Officials from the State Administration of Cultural Heritage said Thursday the government would spend more manpower and money to collect, clean up and study China's lost relics, and would resort to various measures to get the lost relics back.

An imperial jade seal, owned by the Qing Dynasty Emperor Qianlong, who ruled China from 1736 to 1795, fetched 3.6 million pounds ($5.9 million), six times its top estimate.

A total of 153 pieces of Chinese artwork, including the seal, were sold for more than 8 million pounds by London-based auctioneer Sotheby's on Wednesday.

"Sotheby's is not aware of any issue of legal title or provenance concerning the Imperial Jade Seal in Sotheby's London Fine Chinese Ceramics and Works of Art Sale," said Simon Warren, an official from Sotheby's in London.

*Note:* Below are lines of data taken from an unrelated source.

(* Let $\nu_n(x_0,x_1)$ ($n\ge 0$) be any nonvanishing functions and $\bar P_n(x;x_0,x_1)=\nu_n(x_0,x_1)P_n(x;x_0,x_1)$. Then for all $n\ge1$: $$\mathcal{A}_6\bar P_n=\frac{1}{(1-x_0^2)(1-x_1^2)}\Bigg\{\frac{\nu_n(q^{-\frac12}x_0,q^{-\frac12}x_1)}{\nu_{n+1}(x_0,x_1)}q^{-n-\frac52}\left(x_0^2x_1^2-q^{n+2}\right)^2\bar P_{n+1}$$ $$-q^{-n-\frac32}\left(\frac{\nu_n(q^{\frac12}x_0,q^{-\frac12}x_1)}{\nu_n(x_0,x_1)}(x_1^2-q^{n+1})^2+\frac{\nu_n(q^{-\frac12}x_0,q^{\frac12}x_1)}{\nu_n(x_0,x_1)}(x_0^2-q^{n+1})^2\right)\bar P_n+\frac{\nu_n(q^{\frac12}x_0,q^{\frac12}x_1)}{\nu_{n-1}(x_0,x_1)}q^{-n-\frac12}(1-q^n)^2\bar P_{n-1}\Bigg\},$$ where on the right-hand side $\bar P_m=\bar P_m(x;x_0,x_1)$.
   Context: Let $q$ be a complex parameter with $0<|q|<1$, with a fixed choice of $q^{1/4}$ and $q^{k/4}:=(q^{1/4})^k$; $x,x_0,x_1$ are variables. Notation: $(y)_n=(y;q)_n=\prod_{i=1}^{n}(1-yq^{i-1})$, $(y_1,\dots,y_k)_n=(y_1)_n\cdots(y_k)_n$. Operators on functions $f(x,x_0,x_1)$: $\eth f(x,x_0,x_1)=f(q^{1/2}x,x_0,x_1)$, $\eth_0 f(x,x_0,x_1)=f(x,q^{1/2}x_0,x_1)$, $\eth_1 f(x,x_0,x_1)=f(x,x_0,q^{1/2}x_1)$, with powers and inverses defined accordingly; a function written to the left of an operator acts by multiplication after the operator is applied, and products of operators denote composition. For $n\ge0$, $$P_n(x;x_0,x_1)=(-1)^nq^{-\frac n2}\frac{\left(q,\frac{q}{x_0^2},\frac{q}{x_1^2}\right)_n}{\left(\frac{q^{n+1}}{x_0^2x_1^2}\right)_n}\sum_{k=0}^{n}q^k\frac{\left(q^{-n},\frac{q^{n+1}}{x_0^2x_1^2}\right)_k}{\left(q,q,\frac{q}{x_0^2},\frac{q}{x_1^2}\right)_k}\left(-q^{\frac12}x,-q^{\frac12}x^{-1}\right)_k$$ (the Askey–Wilson polynomial with parameters $(a,b,c,d)=(-q^{1/2},-q^{1/2},-q^{1/2}/x_0^2,-q^{1/2}/x_1^2)$). Let $\omega(x)=\frac{x(1+q^{1/2}x)}{q^{1/2}(1-x^2)(1-q^{1/2}x)}$ and, for $b\in\{0,1\}$, $$K_0(x_b;x)=-\frac{1}{1-x_b^2}\eth_b+\frac{(q^{\frac12}x+x_b^2)(q^{\frac32}x+x_b^2)}{q\,x(1-x_b^2)}\eth_b^{-1},\qquad G_0(x_b;x)=-\frac{1}{1-x_b^2}\eth_b+\frac{(q^{\frac12}x+x_b^2)(q^{\frac12}+x\,x_b^2)}{q^{\frac12}x(1-x_b^2)}\eth_b^{-1}.$$ Define (image of the curve $\mathbb{k}_6$ of the genus-two skein algebra) $$\mathcal{A}_6=\sum_{\epsilon=\pm1}\omega(x^\epsilon)\left\{K_0(x_0;x^\epsilon)\,K_0(x_1;x^\epsilon)\,\eth^{2\epsilon}-G_0(x_0;x)\,G_0(x_1;x)\right\}.$$ *)

theory Defs
  imports Complex_Main
begin
lemma orbit_bounds:
  assumes "0 \<le> x" "x < 1"
  shows "0 \<le> (fbeta b ^^ n) x" "(fbeta b ^^ n) x < 1"
  using assms by (cases n; simp add: fbeta_bounds)+

lemma orbit_Suc: "(fbeta b ^^ Suc i) x = b * (fbeta b ^^ i) x - \<lfloor>b * (fbeta b ^^ i) x\<rfloor>"
  by (simp add: fbeta_def frac_def)

lemma digit_shift: "digit b (n + j) x = digit b j ((fbeta b ^^ n) x)"
  by (simp add: digit_def add.commute[of n j] funpow_add)

lemma orbit_growth:
  fixes b x :: real
  assumes "0 \<le> b" "0 \<le> x"
  shows "(fbeta b ^^ (j + d)) x \<le> b ^ d * (fbeta b ^^ j) x"
proof (induction d)
  case 0 then show ?case by simp
next
  case (Suc d)
  let ?y = "(fbeta b ^^ (j + d)) x"
  have "0 \<le> ?y" using assms by (cases "j + d") (simp_all add: fbeta_bounds)
  then have "0 \<le> \<lfloor>b * ?y\<rfloor>" using assms by simp
  then have "(fbeta b ^^ (j + Suc d)) x \<le> b * ?y"
    by (simp add: fbeta_def frac_def)
  also have "\<dots> \<le> b * (b ^ d * (fbeta b ^^ j) x)" using Suc assms by (simp add: mult_left_mono)
  finally show ?case by simp
qed

section \<open>Geometry of cylinders\<close>

lemma greedy_expansion:
  fixes b x :: real
  assumes b: "0 < b" and x: "0 \<le> x"
  shows "x = (\<Sum>j<n. real (digit b j x) / b ^ Suc j) + (fbeta b ^^ n) x / b ^ n"
proof (induction n)
  case 0 then show ?case by simp
next
  case (Suc n)
  have "0 \<le> (fbeta b ^^ n) x" using x by (cases n) (simp_all add: fbeta_bounds)
  then have "real (digit b n x) = real_of_int \<lfloor>b * (fbeta b ^^ n) x\<rfloor>"
    using b by (simp add: digit_def)
  then have "(fbeta b ^^ n) x / b ^ n
      = real (digit b n x) / b ^ Suc n + (fbeta b ^^ Suc n) x / b ^ Suc n"
    using b by (simp add: fbeta_def frac_def field_simps)
  then show ?case using Suc by simp
qed

lemma cyl_bounded: "bounded (cyl b w)"
  by (rule bounded_subset[of "{0..1}"]) (auto simp: cyl_def)

lemma cyl_dist_le_diameter: "x \<in> cyl b w \<Longrightarrow> y \<in> cyl b w \<Longrightarrow> \<bar>x - y\<bar> \<le> diameter (cyl b w)"
  using diameter_bounded_bound[OF cyl_bounded] by (simp add: dist_real_def)

lemma cyl_difference:
  fixes b :: real
  assumes b: "0 < b" and x: "x \<in> cyl b u" and y: "y \<in> cyl b u"
  shows "x - y = ((fbeta b ^^ length u) x - (fbeta b ^^ length u) y) / b ^ length u"
proof -
  have "0 \<le> x" "0 \<le> y" using x y by (auto simp: cyl_def)
  moreover have "(\<Sum>j<length u. real (digit b j x) / b ^ Suc j)
               = (\<Sum>j<length u. real (digit b j y) / b ^ Suc j)"
    using x y by (intro sum.cong) (auto simp: cyl_def)
  ultimately show ?thesis
    using greedy_expansion[OF b, of x "length u"] greedy_expansion[OF b, of y "length u"]
    by (simp add: diff_divide_distrib)
qed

Warren revealed there was underbidding on the seal from the Chinese mainland, Taiwan and Hong Kong.

Sotheby's said the seal, from a European private collection, was fought for by eight bidders and was sold to an anonymous dealer in the room, Bloomberg reported Thursday.

Netizens were angry over the news. Online forums are awash with indignant comments.

"We should launch a nationwide protest to urge those robbers to give back our national relics," a netizen said on

"The government should chase down our national relics. We cannot let the invaders humiliate Chinese people by selling the relics they looted from our territory," another said.

Some netizens referred to the Christie's case half a year ago, in which Cai Mingchao, a domestic relics collector, claimed he had secured the winning bid of two looted Chinese bronze relics with 14 million euros ($21 million) each but refused to pay for the objects later, calling for the items to be returned to Chinese officials to be kept safely as historical relics.

Experts warned against too much public outcry, noting that some overseas auctioneers are using Chinese people's patriotism to drive up the prices of Chinese relics.

People should first learn how the relics were taken from China to avoid "blind condemnations", said Jin Yunchang, a researcher from the Palace Museum.

If the relics are not stolen objects, they can be legally auctioned.

A large-scale condemnation from the Chinese people will only drive up the hammer price, which is not good for potential Chinese bidders, he said.

According to the Chinese Cultural Relics Association, up to 10 million cultural relics were looted or illegally sold from China between 1840 and 1949.